Task prompt = What is needed is each line of the data below that holds the string "forces".

(Data extracted from a collection)
(* Let $\Gamma$ be an $N_{\mathbb R}$-parameterized tropical curve, let $\Gamma_0\subset\Gamma$ be the maximal subgraph with $V(\Gamma_0)=V^f(\Gamma)$ whose edges are bounded edges with trivial slope ($N_e=0$), and let $\overline\Gamma=\Gamma/\Gamma_0$ be obtained by contracting each connected component of $\Gamma_0$ to a vertex (with $h_{\overline\Gamma}$ equal to the common value of $h_\Gamma$ on that component, and unchanged elsewhere; this is an $N_{\mathbb R}$-parameterized tropical curve with $g(\overline\Gamma)\le g(\Gamma)$). Fix an orientation of $\Gamma$ and the induced one on $\overline\Gamma$. Then for every abelian group $G$ the natural map $\mathbb E^1_G(\overline\Gamma)\to\mathbb E^1_G(\Gamma)$ (diagonal on vertices, inclusion on edges) is an isomorphism, and there is an exact sequence $$0\to\mathbb E^2_G(\overline\Gamma)\to\mathbb E^2_G(\Gamma)\to N_G^{\,g(\Gamma)-g(\overline\Gamma)}\to0.$$ The same holds with $\mathbb E^\bullet$ replaced by $\mathcal E^\bullet$.
   Context: $N$ a lattice, $N_G=N\otimes G$. An $N_{\mathbb R}$-parameterized tropical curve: tropical curve $\Gamma$ (finite connected metric graph; finite vertices $V^f$; ordered infinite vertices of valency one joined to finite vertices by unbounded edges of length $\infty$; bounded edges $E^b$ with lengths $|e|>0$) with $h_\Gamma:V(\Gamma)\to N_{\mathbb R}$, $h_\Gamma(v)\in N$ for infinite $v$, $\frac1{|e|}(h_\Gamma(v)-h_\Gamma(v'))\in N$ for bounded $e$ joining $v,v'$, balancing $\sum_{v'\in V^f,e\in E_{vv'}}\frac1{|e|}(h_\Gamma(v')-h_\Gamma(v))+\sum_{v'\in V^\infty,e\in E_{vv'}}h_\Gamma(v')=0$ at each finite $v$. Genus $g(\Gamma)=1-|V(\Gamma)|+|E(\Gamma)|$. Slope $N_e=N\cap\mathbb R(h_\Gamma(v)-h_\Gamma(v'))$ of bounded $e$; multiplicity $l(e)$ = integral length of $\frac1{|e|}(h_\Gamma(v)-h_\Gamma(v'))$. Complexes: with $\epsilon(e,v)=-1,1,0$ if $v$ is initial point, target, neither, define $b_G,\beta_G:\big(\bigoplus_{v\in V^f}N_G\big)\oplus\big(\bigoplus_{e\in E^b}(N_e)_G\big)\to\bigoplus_{e\in E^b}N_G$ by $x_v\mapsto(\epsilon(e,v)x_v)_e$, $x_e\mapsto x_e$ resp. $x_e\mapsto l(e)x_e$; $\mathbb E^1_G,\mathbb E^2_G$ kernel and cokernel of $b_G$, $\mathcal E^1_G,\mathcal E^2_G$ of $\beta_G$. *)

theory Defs
  imports Complex_Main
begin
(* Let $\mathbb{H}$ be a reproducing kernel Hilbert space with inner product $\langle\cdot,\cdot\rangle$ and feature map $\phi$, and let $(X,A,Y)$ be jointly distributed with $Y=\langle\phi(X),y\rangle$ and $A=\langle\phi(X),a\rangle$ for some nonzero $y,a\in\mathbb{H}$, with $\operatorname{Var}(Y),\operatorname{Var}(A)>0$. Let $\Sigma:=\operatorname{Cov}(\phi(X),\phi(X))$ be the covariance operator. Then for every (possibly randomized) representation $Z=g(X)$ with $\operatorname{Var}\mathbb{E}[Y\mid Z]=\operatorname{Var}(Y)$, $$\operatorname{Var}\mathbb{E}[A\mid Z]\ge \frac{\langle a,\Sigma y\rangle^2}{\langle y,\Sigma y\rangle}=\operatorname{Var}(A)\cdot\rho_{YA}^2,$$ where $\rho_{YA}$ is the correlation coefficient of $Y$ and $A$.
   Context: A (possibly randomized) representation is $Z=g(X,S)$ for a measurable $g$ and auxiliary randomness $S$ independent of $(X,A,Y)$. $\phi(X)$ is assumed to have finite second moment in $\mathbb{H}$. *)

theory Defs
  imports "HOL-Probability.Probability"
begin

definition rv_cov :: "'o measure \<Rightarrow> ('o \<Rightarrow> real) \<Rightarrow> ('o \<Rightarrow> real) \<Rightarrow> real" where
  "rv_cov M U V = (\<integral>\<omega>. (U \<omega> - (\<integral>\<omega>'. U \<omega>' \<partial>M)) * (V \<omega> - (\<integral>\<omega>'. V \<omega>' \<partial>M)) \<partial>M)"

definition rv_var :: "'o measure \<Rightarrow> ('o \<Rightarrow> real) \<Rightarrow> real" where
  "rv_var M U = (\<integral>\<omega>. (U \<omega> - (\<integral>\<omega>'. U \<omega>' \<partial>M))\<^sup>2 \<partial>M)"

definition rv_corr :: "'o measure \<Rightarrow> ('o \<Rightarrow> real) \<Rightarrow> ('o \<Rightarrow> real) \<Rightarrow> real" where
  "rv_corr M U V = rv_cov M U V / sqrt (rv_var M U * rv_var M V)"

definition cov_op :: "'o measure \<Rightarrow> ('o \<Rightarrow> 'h::real_inner) \<Rightarrow> ('h \<Rightarrow> 'h)" where
  "cov_op M Phi = (THE T. \<forall>u v. u \<bullet> T v = rv_cov M (\<lambda>\<omega>. Phi \<omega> \<bullet> u) (\<lambda>\<omega>. Phi \<omega> \<bullet> v))"

definition cond_exp_given :: "'o measure \<Rightarrow> ('o \<Rightarrow> 'z) \<Rightarrow> 'z measure \<Rightarrow> ('o \<Rightarrow> real) \<Rightarrow> ('o \<Rightarrow> real)" where
  "cond_exp_given M Z MZ f = real_cond_exp M (vimage_algebra (space M) Z MZ) f"

end

theory Submission
  imports Defs
begin

(* If Var E[Y|Z] = Var Y, the law of total variance forces E[Y|Z] = Y almost surely. The projection
   property then gives Cov(E[A|Z], E[Y|Z]) = Cov(A, E[Y|Z]) = Cov(A, Y), and Cauchy-Schwarz for
   covariances yields Cov(A, Y)^2 <= Var E[A|Z] * Var Y. The covariance operator exists by the Riesz
   representation theorem, with a . Sigma y = Cov(A, Y) and y . Sigma y = Var Y. *)

section \<open>Minimal-norm points and the Riesz representation\<close>

lemma quadratic_nonneg_imp_discriminant_nonpos:
  fixes a b c :: real
  assumes "0 \<le> a" and nonneg: "\<And>t. 0 \<le> a * t\<^sup>2 + b * t + c"
  shows "b\<^sup>2 \<le> 4 * a * c"
proof (cases "a = 0")
  case True
  have "b = 0"
  proof (rule ccontr)
    assume "b \<noteq> 0"
    then show False
      using nonneg[of "- (c + 1) / b"] True by simp
  qed
  with True show ?thesis by simp
next
  case False
  with \<open>0 \<le> a\<close> have "0 < a" by simp
  have "0 \<le> a * (- b / (2 * a))\<^sup>2 + b * (- b / (2 * a)) + c"
    by (rule nonneg)
  also have "\<dots> = (4 * a * c - b\<^sup>2) / (4 * a)"
    using \<open>0 < a\<close> by (simp add: field_simps power2_eq_square)
  finally show ?thesis
    using \<open>0 < a\<close> by (simp add: zero_le_divide_iff)
qed

lemma inner_eq_0_if_norm_le_norm_add_scaleR:
  fixes w k :: "'a::real_inner"
  assumes "\<And>t. norm w \<le> norm (w + t *\<^sub>R k)"
  shows "w \<bullet> k = 0"
proof -
  have "0 \<le> (k \<bullet> k) * t\<^sup>2 + (2 * (w \<bullet> k)) * t + 0" for t
  proof -
    have "(norm w)\<^sup>2 \<le> (norm (w + t *\<^sub>R k))\<^sup>2"
      using assms[of t] by (simp add: power_mono)
    also have "\<dots> = (norm w)\<^sup>2 + 2 * t * (w \<bullet> k) + t\<^sup>2 * (k \<bullet> k)"
      unfolding power2_norm_eq_inner
      by (simp add: inner_commute algebra_simps power2_eq_square)
    finally show ?thesis
      by (simp add: algebra_simps)
  qed
  from quadratic_nonneg_imp_discriminant_nonpos[OF _ this] show ?thesis
    by simp
qed

lemma min_norm_point_exists:
  fixes S :: "'a::{real_inner, complete_space} set"
  assumes "closed S" and "convex S" and "S \<noteq> {}"
  obtains w where "w \<in> S" and "\<And>s. s \<in> S \<Longrightarrow> norm w \<le> norm s"
proof -
  define d where "d = Inf ((\<lambda>s. (norm s)\<^sup>2) ` S)"
  have d_le: "d \<le> (norm s)\<^sup>2" if "s \<in> S" for s
    unfolding d_def by (rule cInf_lower) (use that in \<open>auto intro: bdd_belowI[of _ 0]\<close>)
  have "\<exists>s\<in>S. (norm s)\<^sup>2 < d + inverse (real (Suc n))" for n
    using cInf_lessD[of "(\<lambda>s. (norm s)\<^sup>2) ` S" "d + inverse (real (Suc n))"] \<open>S \<noteq> {}\<close>
    by (auto simp: d_def)
  then obtain w where w_in: "\<And>n. w n \<in> S"
    and w_norm: "\<And>n. (norm (w n))\<^sup>2 < d + inverse (real (Suc n))"
    by metis
  \<comment> \<open>By the parallelogram law, the midpoint of two almost minimal points forces them close.\<close>
  have w_close:
    "(norm (w m - w n))\<^sup>2 \<le> 2 * inverse (real (Suc m)) + 2 * inverse (real (Suc n))" for m n
  proof -
    have "(w m + w n) /\<^sub>R 2 \<in> S"
      using \<open>convex S\<close> w_in[of m] w_in[of n]
      by (auto simp: convex_def scaleR_add_right intro!: convexD[of S, where u="1/2" and v="1/2"])
    then have "4 * d \<le> (norm (w m + w n))\<^sup>2"
      using d_le by (fastforce simp: power2_eq_square)
    moreover have "(norm (w m - w n))\<^sup>2
        = 2 * (norm (w m))\<^sup>2 + 2 * (norm (w n))\<^sup>2 - (norm (w m + w n))\<^sup>2"
      by (simp add: power2_norm_eq_inner inner_commute algebra_simps)
    ultimately show ?thesis
      using w_norm[of m] w_norm[of n] by linarith
  qed
  have "Cauchy w"
  proof (rule metric_CauchyI)
    fix r :: real
    assume "0 < r"
    then obtain N where N: "inverse (real (Suc N)) < r\<^sup>2 / 4"
      using reals_Archimedean[of "r\<^sup>2 / 4"] by auto
    have "dist (w m) (w n) < r" if "N \<le> m" "N \<le> n" for m n
    proof -
      have "inverse (real (Suc m)) \<le> inverse (real (Suc N))"
        and "inverse (real (Suc n)) \<le> inverse (real (Suc N))"
        using that by (simp_all add: le_imp_inverse_le)
      then have "(norm (w m - w n))\<^sup>2 < r\<^sup>2"
        using w_close[of m n] N by linarith
      then show ?thesis
        using \<open>0 < r\<close> by (simp add: dist_norm power_less_imp_less_base)
    qed
    then show "\<exists>N. \<forall>m\<ge>N. \<forall>n\<ge>N. dist (w m) (w n) < r"
      by blast
  qed
  then obtain w0 where lim: "w \<longlonglongrightarrow> w0"
    using Cauchy_convergent convergent_def by blast
  have "w0 \<in> S"
    using \<open>closed S\<close> w_in lim by (rule closed_sequentially)
  moreover have "(norm w0)\<^sup>2 \<le> d"
  proof (rule LIMSEQ_le)
    show "(\<lambda>n. (norm (w n))\<^sup>2) \<longlonglongrightarrow> (norm w0)\<^sup>2"
      using lim by (intro tendsto_intros)
    show "(\<lambda>n. d + inverse (real (Suc n))) \<longlonglongrightarrow> d"
      using tendsto_add[OF tendsto_const[of d] LIMSEQ_inverse_real_of_nat] by simp
    show "\<exists>N. \<forall>n\<ge>N. (norm (w n))\<^sup>2 \<le> d + inverse (real (Suc n))"
      using w_norm less_imp_le by blast
  qed
  ultimately show ?thesis
    using d_le by (metis that order_trans norm_ge_zero power2_le_imp_le)
qed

Exercise solution =
(* If Var E[Y|Z] = Var Y, the law of total variance forces E[Y|Z] = Y almost surely. The projection
  \<comment> \<open>By the parallelogram law, the midpoint of two almost minimal points forces them close.\<close>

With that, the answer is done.